## Data extract
lemma norm_a2_le:
  assumes "\<bar>x\<bar> \<le> 2 * \<gamma>" shows "cmod (a2 x) \<le> (2 * m * Ka + Ka^2) / \<gamma>^2"
proof -
  have "cmod (a2 x) \<le> real (2*m-1) * (\<bar>x\<bar> ^ (2*m-2) / cmod (q x)) + (cmod (a1 x))^2"
    using norm_triangle_ineq4[of "complex_of_real (real (2*m-1) * x ^ (2*m-2)) / q x" "(a1 x)^2"]
    by (simp add: a2_def norm_divide norm_mult norm_power power_abs)
  also have "\<dots> \<le> real (2*m) * (Ka / \<gamma>^2) + (Ka / \<gamma>)^2"
  proof (intro add_mono mult_mono power_mono)
    show "\<bar>x\<bar> ^ (2*m-2) / cmod (q x) \<le> Ka / \<gamma>^2"
      using power_div_norm_q_le[OF assms, of "2*m-2"] m_pos by simp
  qed (use norm_a1_le[OF assms] Ka_pos \<gamma>_pos in auto)
  also have "\<dots> = (2 * m * Ka + Ka^2) / \<gamma>^2"
    by (simp add: power_divide add_divide_distrib)
  finally show ?thesis .
qed

lemma norm_w_le:
  assumes "\<bar>x\<bar> \<le> 2 * \<gamma>" shows "cmod (w x) \<le> (Ka/2 + sqrt Kq) / \<gamma>"
proof -
  have "cmod (w x) \<le> cmod (a1 x) / 2 + cmod (dphi x) / h"
    using norm_triangle_ineq[of "- a1 x / 2" "\<i> * dphi x / complex_of_real h"] h_pos
    by (simp add: w_def norm_divide norm_mult)
  also have "\<dots> \<le> Ka / \<gamma> / 2 + sqrt Kq * \<gamma> ^ m / h"
    using norm_a1_le[OF assms] norm_dphi_le[OF assms] h_pos
    by (intro add_mono divide_right_mono) auto
  also have "sqrt Kq * \<gamma> ^ m / h = sqrt Kq * \<gamma> ^ m / (\<gamma> ^ m * \<gamma>)"
    using gam_power_Suc[OF h_pos, of m] by (simp only: power_Suc2)
  also have "\<dots> = sqrt Kq / \<gamma>"
    using \<gamma>_pos by simp
  finally show ?thesis by (simp add: add_divide_distrib)
qed

lemma norm_phi_le:
  assumes x: "\<bar>x\<bar> \<le> 2 * \<gamma>" shows "cmod (phi m \<alpha> \<mu> h x) \<le> 2 * sqrt Kq * h"
proof -
  define M where "M = sqrt Kq * \<gamma> ^ m"
  have M: "0 \<le> M" using Kq_pos \<gamma>_pos by (simp add: M_def)
  have int: "(dphi has_integral integral {c..d} dphi) {c..d}" for c d
    by (rule integrable_integral[OF integrable_continuous_real[OF continuous_dphi]])
  have bound: "cmod (dphi y) \<le> M" if "\<bar>y\<bar> \<le> \<bar>x\<bar>" for y
    using norm_dphi_le[of y] that x by (simp add: M_def)
  have "cmod (phi m \<alpha> \<mu> h x) \<le> \<bar>x\<bar> * M"
  proof (cases "0 \<le> x")
    case True
    have "cmod (integral {0..x} dphi) \<le> M * Henstock_Kurzweil_Integration.content (cbox 0 x)"
      by (rule has_integral_bound[OF M]) (use int[of 0 x] bound True in auto)
    then show ?thesis using True by (simp add: phi_def content_real mult.commute)
  next
    case False
    have "cmod (integral {x..0} dphi) \<le> M * Henstock_Kurzweil_Integration.content (cbox x 0)"
      by (rule has_integral_bound[OF M]) (use int[of x 0] bound False in auto)
    then show ?thesis using False by (simp add: phi_def content_real mult.commute)
  qed
  also have "\<dots> \<le> 2 * \<gamma> * M"
    using x M by (rule mult_right_mono)
  also have "\<dots> = 2 * sqrt Kq * h"
    using gam_power_Suc[OF h_pos, of m] by (simp add: M_def)
  finally show ?thesis .
qed

lemma norm_osc_squared: "(cmod (osc x))^2 = exp (- 2 * (Im (phi m \<alpha> \<mu> h x) / h))"
  by (simp add: osc_def Re_divide_of_real power2_eq_square exp_add[symmetric])

lemma norm_osc_squared_bounds:
  assumes "\<bar>x\<bar> \<le> 2 * \<gamma>"
  shows "exp (- 4 * sqrt Kq) \<le> (cmod (osc x))^2" and "(cmod (osc x))^2 \<le> exp (4 * sqrt Kq)"
proof -
  have "\<bar>Im (phi m \<alpha> \<mu> h x)\<bar> \<le> 2 * sqrt Kq * h"
    using abs_Im_le_cmod norm_phi_le[OF assms] by (rule order_trans)
  then have "\<bar>Im (phi m \<alpha> \<mu> h x) / h\<bar> \<le> 2 * sqrt Kq"
    using h_pos by (simp add: pos_divide_le_eq)
  then have "- 4 * sqrt Kq \<le> - 2 * (Im (phi m \<alpha> \<mu> h x) / h)"
    and "- 2 * (Im (phi m \<alpha> \<mu> h x) / h) \<le> 4 * sqrt Kq"
    by (simp_all only: abs_le_iff) linarith+
  then show "exp (- 4 * sqrt Kq) \<le> (cmod (osc x))^2" and "(cmod (osc x))^2 \<le> exp (4 * sqrt Kq)"
    unfolding norm_osc_squared by simp_all
qed

lemma norm_uu_squared: "(cmod (uu m \<alpha> \<mu> h x))^2 = (cmod (osc x))^2 / cmod (dphi x)"
proof -
  have r: "0 < cmod (dphi x)" using dphi_nonzero by simp
  have "cmod (dphi x powr (-1/2)) = cmod (dphi x) powr (-1/2)"
    by (subst norm_powr_real_powr') auto
  then have "(cmod (uu m \<alpha> \<mu> h x))^2 = (cmod (dphi x) powr (-1/2))^2 * (cmod (osc x))^2"
    by (simp add: uu_eq norm_mult power_mult_distrib)
  also have "(cmod (dphi x) powr (-1/2))^2 = cmod (dphi x) powr (-1)"
    using r by (simp add: powr_power)
  also have "\<dots> = 1 / cmod (dphi x)"
    using r by (simp add: powr_minus_divide)
  finally show ?thesis by simp
qed

lemma norm_uu_squared_le:
  assumes "\<bar>x\<bar> \<le> 2 * \<gamma>" shows "(cmod (uu m \<alpha> \<mu> h x))^2 \<le> Ku1 / \<gamma> ^ m"
proof -
  have "(cmod (osc x))^2 / cmod (dphi x) \<le> exp (4 * sqrt Kq) / (sqrt \<mu> * \<gamma> ^ m)"
    using norm_osc_squared_bounds(2)[OF assms] norm_dphi_ge[of x] \<mu>_pos \<gamma>_pos
    by (intro frac_le) auto
  then show ?thesis by (simp add: norm_uu_squared Ku1_def)
qed

lemma norm_uu_squared_ge:
  assumes "\<bar>x\<bar> \<le> 2 * \<gamma>" shows "Ku0 / \<gamma> ^ m \<le> (cmod (uu m \<alpha> \<mu> h x))^2"
proof -
  have "exp (- 4 * sqrt Kq) / (sqrt Kq * \<gamma> ^ m) \<le> (cmod (osc x))^2 / cmod (dphi x)"
    using norm_osc_squared_bounds(1)[OF assms] norm_dphi_le[OF assms] dphi_nonzero[of x]
    by (intro frac_le) auto
  then show ?thesis by (simp add: norm_uu_squared Ku0_def)
qed

end

section \<open>The remainder\<close>

locale wkb_cutoff = wkb + cutoff_derivs
begin

lemma rescaled_cutoff_has_derivative:
  "((\<lambda>y. complex_of_real (ds k (y / \<gamma>) / \<gamma> ^ k)) has_vector_derivative
     complex_of_real (ds (Suc k) (x / \<gamma>) / \<gamma> ^ Suc k)) (at x)"
  using ds_deriv \<gamma>_pos by (intro has_vector_derivative_of_real_rescaled) auto

lemma rescaled_cutoff_vanish: "2 * \<gamma> < \<bar>x\<bar> \<Longrightarrow> ds k (x / \<gamma>) = 0"
  using \<gamma>_pos by (intro ds_vanish) (simp add: abs_divide pos_less_divide_eq)

text \<open>The first summand of \<open>Q\<close> comes from \<open>f\<close>, the other two from the commutator.\<close>
definition Q :: "real \<Rightarrow> complex" where
  "Q x = complex_of_real (ds 0 (x / \<gamma>)) * (3/4 * (a1 x)^2 - 1/2 * a2 x)
     + complex_of_real (ds 2 (x / \<gamma>) / \<gamma>^2) + 2 * complex_of_real (ds 1 (x / \<gamma>) / \<gamma>) * w x"
lemma rec_in_comp1:
  assumes g: "rec_in X 1 (\<lambda>xs. g (xs!0))" and a: "rec_in X n a"
  shows "rec_in X n (\<lambda>xs. g (a xs))"
  using rec_in_comp[OF g, of "[a]"] a by simp

lemma rec_in_comp2:
  assumes g: "rec_in X 2 (\<lambda>xs. g (xs!0) (xs!1))" and a: "rec_in X n a" and b: "rec_in X n b"
  shows "rec_in X n (\<lambda>xs. g (a xs) (b xs))"
proof -
  have "rec_in X n (\<lambda>xs. (\<lambda>ys. g (ys!0) (ys!1)) (map (\<lambda>f. f xs) [a, b]))"
    by (rule rec_in_comp[OF g]) (use a b in \<open>auto simp: less_Suc_eq numeral_2_eq_2\<close>)
  then show ?thesis by simp
qed

lemma rec_in_proj_drop: "k + i < n \<Longrightarrow> rec_in X n (\<lambda>xs. drop k xs ! i)"
  by (rule rec_in_cong[OF rec_in.proj[of "k + i"]]) auto

lemma hd_eq_nth0: "length xs = Suc 0 \<Longrightarrow> hd xs = xs!0"
  by (cases xs) auto

lemma computable_in_iff: "computable_in X f \<longleftrightarrow> rec_in X 1 (\<lambda>xs. f (xs!0))"
  unfolding computable_in_def by (auto elim!: rec_in_cong simp: hd_eq_nth0)

lemma rec_in_computable: "computable_in X f \<Longrightarrow> rec_in X n a \<Longrightarrow> rec_in X n (\<lambda>xs. f (a xs))"
  unfolding computable_in_iff by (rule rec_in_comp1)

lemma rec_in_Suc: "rec_in X n a \<Longrightarrow> rec_in X n (\<lambda>xs. Suc (a xs))"
  by (rule rec_in_comp1[OF rec_in_cong[OF rec_in.succ]]) (auto simp: hd_eq_nth0)
lemma image_star_ideal: "f ` star_ideal G = star_ideal H"
proof
  have "star_ideal G \<subseteq> {x \<in> carrier G. f x \<in> star_ideal H}"
    using mla_ideal_preimage[OF H.mla_ideal_star_ideal]
    by (rule G.star_ideal_least) (simp add: hom_star H.star_in_star_ideal)
  then show "f ` star_ideal G \<subseteq> star_ideal H" by blast
next
  show "star_ideal H \<subseteq> f ` star_ideal G"
    using mla_ideal_image[OF G.mla_ideal_star_ideal]
  proof (rule H.star_ideal_least)
    fix a b assume "a \<in> carrier H" "b \<in> carrier H"
    then show "star H a b \<in> f ` star_ideal G"
      by (metis star_commg_lift G.star_in_star_ideal imageI)
  qed
qed

lemma image_derived: "f ` derived G (carrier G) = derived H (carrier H)"
proof -
  have "derived_set H (carrier H) \<subseteq> f ` derived_set G (carrier G)"
  proof
    fix z assume "z \<in> derived_set H (carrier H)"
    then obtain a b where ab: "a \<in> carrier H" "b \<in> carrier H" and z: "z = commg H a b"
      unfolding derived_set_eq_commg by blast
    obtain g g' where g: "g \<in> carrier G" "g' \<in> carrier G"
      and "star H a b = f (star G g g')" "commg H a b = f (commg G g g')"
      by (rule star_commg_lift[OF ab])
    then show "z \<in> f ` derived_set G (carrier G)"
      unfolding z derived_set_eq_commg by blast
  qed
  moreover have "f ` derived_set G (carrier G) \<subseteq> derived_set H (carrier H)"
    unfolding derived_set_eq_commg by (auto simp: hom_commg intro!: bexI)
  ultimately have "derived_set H (carrier H) = f ` derived_set G (carrier G)" ..
  then show ?thesis
    unfolding derived_def using generate_img[OF G.derived_set_in_carrier[OF subset_refl]] by simp
qed

lemma image_M_comm: "f ` M_comm G = M_comm H"
  using set_mult_hom[OF homh G.star_ideal_subset G.derived_in_carrier[OF subset_refl]]
  by (simp add: M_comm_def image_star_ideal image_derived)

end

lemma central_extension_mla_morphism:
  "central_extension H G K \<alpha> \<beta> \<Longrightarrow> mla_morphism G K \<beta>"
  by (simp add: central_extension_def mla_morphism_def mla_morphism_axioms_def mult_lie_algebra_def)

lemma central_extension_kernel:
  "\<lbrakk>central_extension H G K \<alpha> \<beta>; \<alpha> ` carrier H = mla_center G\<rbrakk> \<Longrightarrow> kernel G K \<beta> = mla_center G"
  by (simp add: central_extension_def)

lemma central_extension_same_fibre:
  assumes E: "central_extension H G K \<alpha> \<beta>" and Z: "\<alpha> ` carrier H = mla_center G"
    and g: "g \<in> carrier G" and h: "h \<in> carrier G" and fibre: "\<beta> h = \<beta> g"
  shows "inv\<^bsub>G\<^esub> g \<otimes>\<^bsub>G\<^esub> h \<in> mla_center G"
proof -
  interpret \<beta>: mla_morphism G K \<beta> using E by (rule central_extension_mla_morphism)
  have "inv\<^bsub>G\<^esub> g \<otimes>\<^bsub>G\<^esub> h \<in> kernel G K \<beta>"
    using g h fibre by (simp add: kernel_def)
  then show ?thesis using central_extension_kernel[OF E Z] by simp
qed

lemma ext_morphism_mla_morphisms:
  assumes "central_extension H1 G1 K1 \<alpha>1 \<beta>1" "central_extension H2 G2 K2 \<alpha>2 \<beta>2"
    and "ext_morphism H1 G1 K1 \<alpha>1 \<beta>1 H2 G2 K2 \<alpha>2 \<beta>2 lam \<mu> \<nu>"
  shows "mla_morphism G1 G2 \<mu>" and "mla_morphism K1 K2 \<nu>"
  using assms by (simp_all add: mla_morphism_def mla_morphism_axioms_def ext_morphism_def
      central_extension_def mult_lie_algebra_def)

## Exercise description
Each line in the records above with "finally" must be returned.

## Reply
  finally show ?thesis .
  finally show ?thesis by (simp add: add_divide_distrib)
  finally show ?thesis .
  finally show ?thesis by simp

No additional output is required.